------ DATA SECTION

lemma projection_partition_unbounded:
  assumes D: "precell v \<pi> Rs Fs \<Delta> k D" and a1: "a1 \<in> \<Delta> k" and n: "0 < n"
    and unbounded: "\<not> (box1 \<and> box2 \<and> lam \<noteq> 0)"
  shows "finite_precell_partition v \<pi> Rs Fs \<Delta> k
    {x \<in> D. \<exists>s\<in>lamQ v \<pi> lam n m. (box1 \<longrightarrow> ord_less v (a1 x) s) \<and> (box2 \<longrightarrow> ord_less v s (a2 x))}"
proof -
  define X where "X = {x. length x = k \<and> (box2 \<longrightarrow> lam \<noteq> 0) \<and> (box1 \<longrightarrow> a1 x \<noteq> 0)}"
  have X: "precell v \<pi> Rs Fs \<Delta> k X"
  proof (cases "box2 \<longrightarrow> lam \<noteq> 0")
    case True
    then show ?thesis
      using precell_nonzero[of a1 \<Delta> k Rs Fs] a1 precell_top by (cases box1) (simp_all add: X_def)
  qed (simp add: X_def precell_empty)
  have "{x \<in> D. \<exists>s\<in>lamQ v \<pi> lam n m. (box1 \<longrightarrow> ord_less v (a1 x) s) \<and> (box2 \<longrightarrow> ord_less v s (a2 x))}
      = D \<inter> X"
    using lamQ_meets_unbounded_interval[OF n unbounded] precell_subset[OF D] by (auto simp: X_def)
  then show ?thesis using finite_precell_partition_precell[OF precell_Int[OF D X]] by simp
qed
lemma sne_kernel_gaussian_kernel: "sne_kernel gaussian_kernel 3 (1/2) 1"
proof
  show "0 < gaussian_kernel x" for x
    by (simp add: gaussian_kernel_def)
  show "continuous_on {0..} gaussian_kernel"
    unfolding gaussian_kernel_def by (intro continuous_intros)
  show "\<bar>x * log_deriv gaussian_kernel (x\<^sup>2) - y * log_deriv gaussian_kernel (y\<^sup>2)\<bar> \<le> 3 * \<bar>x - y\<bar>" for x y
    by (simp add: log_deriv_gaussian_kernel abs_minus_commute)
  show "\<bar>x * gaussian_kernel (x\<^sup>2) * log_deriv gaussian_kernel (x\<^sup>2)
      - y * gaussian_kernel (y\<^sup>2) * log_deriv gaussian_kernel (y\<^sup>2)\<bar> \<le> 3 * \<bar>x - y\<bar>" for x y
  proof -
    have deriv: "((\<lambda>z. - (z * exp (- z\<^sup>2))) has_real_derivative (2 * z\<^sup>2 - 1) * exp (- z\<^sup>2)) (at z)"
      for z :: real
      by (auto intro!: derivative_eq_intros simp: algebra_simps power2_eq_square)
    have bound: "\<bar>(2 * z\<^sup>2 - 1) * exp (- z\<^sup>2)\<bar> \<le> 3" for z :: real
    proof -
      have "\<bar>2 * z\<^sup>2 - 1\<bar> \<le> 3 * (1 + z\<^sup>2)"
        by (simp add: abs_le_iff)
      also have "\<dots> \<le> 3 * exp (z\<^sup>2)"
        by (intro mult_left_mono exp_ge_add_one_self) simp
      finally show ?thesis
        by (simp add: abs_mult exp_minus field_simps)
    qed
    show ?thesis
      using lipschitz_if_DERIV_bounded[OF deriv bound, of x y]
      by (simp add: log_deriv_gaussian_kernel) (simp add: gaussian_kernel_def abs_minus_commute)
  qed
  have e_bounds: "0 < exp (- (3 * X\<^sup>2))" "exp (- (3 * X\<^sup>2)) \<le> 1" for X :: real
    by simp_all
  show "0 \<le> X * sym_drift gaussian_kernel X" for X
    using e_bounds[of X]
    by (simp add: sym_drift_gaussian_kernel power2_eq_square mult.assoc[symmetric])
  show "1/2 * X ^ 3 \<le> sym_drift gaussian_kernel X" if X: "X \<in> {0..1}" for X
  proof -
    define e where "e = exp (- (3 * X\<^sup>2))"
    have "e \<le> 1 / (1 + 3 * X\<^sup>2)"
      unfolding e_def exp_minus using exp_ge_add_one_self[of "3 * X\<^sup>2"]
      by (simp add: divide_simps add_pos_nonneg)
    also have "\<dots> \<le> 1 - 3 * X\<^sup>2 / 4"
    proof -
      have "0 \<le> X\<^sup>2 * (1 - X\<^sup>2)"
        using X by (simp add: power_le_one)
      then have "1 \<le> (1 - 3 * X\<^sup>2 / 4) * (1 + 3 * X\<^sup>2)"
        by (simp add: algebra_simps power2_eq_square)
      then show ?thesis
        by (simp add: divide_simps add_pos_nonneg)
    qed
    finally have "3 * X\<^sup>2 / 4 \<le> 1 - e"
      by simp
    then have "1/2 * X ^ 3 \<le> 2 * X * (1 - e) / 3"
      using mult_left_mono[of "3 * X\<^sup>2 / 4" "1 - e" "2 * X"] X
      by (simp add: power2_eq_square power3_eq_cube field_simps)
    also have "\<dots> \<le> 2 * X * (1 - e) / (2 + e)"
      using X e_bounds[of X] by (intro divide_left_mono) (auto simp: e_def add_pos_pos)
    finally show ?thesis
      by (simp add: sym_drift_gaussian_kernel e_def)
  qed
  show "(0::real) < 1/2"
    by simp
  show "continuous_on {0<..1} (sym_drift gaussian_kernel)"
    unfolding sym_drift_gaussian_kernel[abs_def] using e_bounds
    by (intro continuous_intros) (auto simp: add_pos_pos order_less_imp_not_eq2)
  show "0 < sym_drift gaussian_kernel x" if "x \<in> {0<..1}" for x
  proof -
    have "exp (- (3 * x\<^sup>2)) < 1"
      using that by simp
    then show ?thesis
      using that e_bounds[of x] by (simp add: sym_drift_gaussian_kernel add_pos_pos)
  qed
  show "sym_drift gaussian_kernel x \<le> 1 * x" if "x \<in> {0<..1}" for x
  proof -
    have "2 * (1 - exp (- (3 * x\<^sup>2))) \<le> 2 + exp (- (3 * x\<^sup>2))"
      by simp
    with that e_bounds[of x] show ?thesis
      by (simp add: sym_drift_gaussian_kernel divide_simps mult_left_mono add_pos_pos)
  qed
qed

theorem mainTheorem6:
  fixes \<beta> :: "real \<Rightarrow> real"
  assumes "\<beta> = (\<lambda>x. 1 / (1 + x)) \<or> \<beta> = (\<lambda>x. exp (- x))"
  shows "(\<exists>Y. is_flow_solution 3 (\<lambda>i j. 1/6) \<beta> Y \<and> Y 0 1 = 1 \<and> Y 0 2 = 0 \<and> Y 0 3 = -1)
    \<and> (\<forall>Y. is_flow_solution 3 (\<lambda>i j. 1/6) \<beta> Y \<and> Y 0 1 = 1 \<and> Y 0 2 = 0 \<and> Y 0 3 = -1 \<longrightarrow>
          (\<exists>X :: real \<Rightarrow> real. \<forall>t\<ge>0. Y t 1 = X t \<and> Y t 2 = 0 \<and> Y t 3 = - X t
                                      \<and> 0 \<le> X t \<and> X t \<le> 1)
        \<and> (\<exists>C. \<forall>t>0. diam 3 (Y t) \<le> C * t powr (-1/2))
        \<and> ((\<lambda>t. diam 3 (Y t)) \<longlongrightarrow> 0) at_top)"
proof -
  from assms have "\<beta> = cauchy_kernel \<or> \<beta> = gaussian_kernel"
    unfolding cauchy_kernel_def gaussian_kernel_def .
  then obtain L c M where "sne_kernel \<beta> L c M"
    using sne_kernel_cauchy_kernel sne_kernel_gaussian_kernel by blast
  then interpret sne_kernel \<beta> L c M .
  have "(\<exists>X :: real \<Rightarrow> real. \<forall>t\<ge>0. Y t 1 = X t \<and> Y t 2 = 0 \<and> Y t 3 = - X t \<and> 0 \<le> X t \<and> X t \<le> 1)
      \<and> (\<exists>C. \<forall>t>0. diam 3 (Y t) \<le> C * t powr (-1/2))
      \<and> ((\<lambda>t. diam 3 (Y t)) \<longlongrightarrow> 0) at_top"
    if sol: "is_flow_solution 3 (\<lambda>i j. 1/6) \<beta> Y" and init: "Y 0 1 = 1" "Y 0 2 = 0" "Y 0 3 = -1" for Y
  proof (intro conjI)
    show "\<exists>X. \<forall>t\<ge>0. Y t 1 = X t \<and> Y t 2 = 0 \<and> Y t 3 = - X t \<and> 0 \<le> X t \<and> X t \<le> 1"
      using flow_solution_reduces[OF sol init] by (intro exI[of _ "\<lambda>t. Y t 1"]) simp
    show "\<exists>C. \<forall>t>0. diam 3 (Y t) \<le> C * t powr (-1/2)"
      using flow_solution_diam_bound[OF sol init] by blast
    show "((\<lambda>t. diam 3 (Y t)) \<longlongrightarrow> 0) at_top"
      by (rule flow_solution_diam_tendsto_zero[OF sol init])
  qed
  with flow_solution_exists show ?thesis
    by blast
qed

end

------------

INSTRUCTIONS FOR THE TASK:
The result should be every line that contains "thesis", copied from the entries.

RESULT FOR THIS TASK:
    then show ?thesis
  then show ?thesis using finite_precell_partition_precell[OF precell_Int[OF D X]] by simp
      finally show ?thesis
    show ?thesis
      then show ?thesis
    finally show ?thesis
    then show ?thesis
    with that e_bounds[of x] show ?thesis
  with flow_solution_exists show ?thesis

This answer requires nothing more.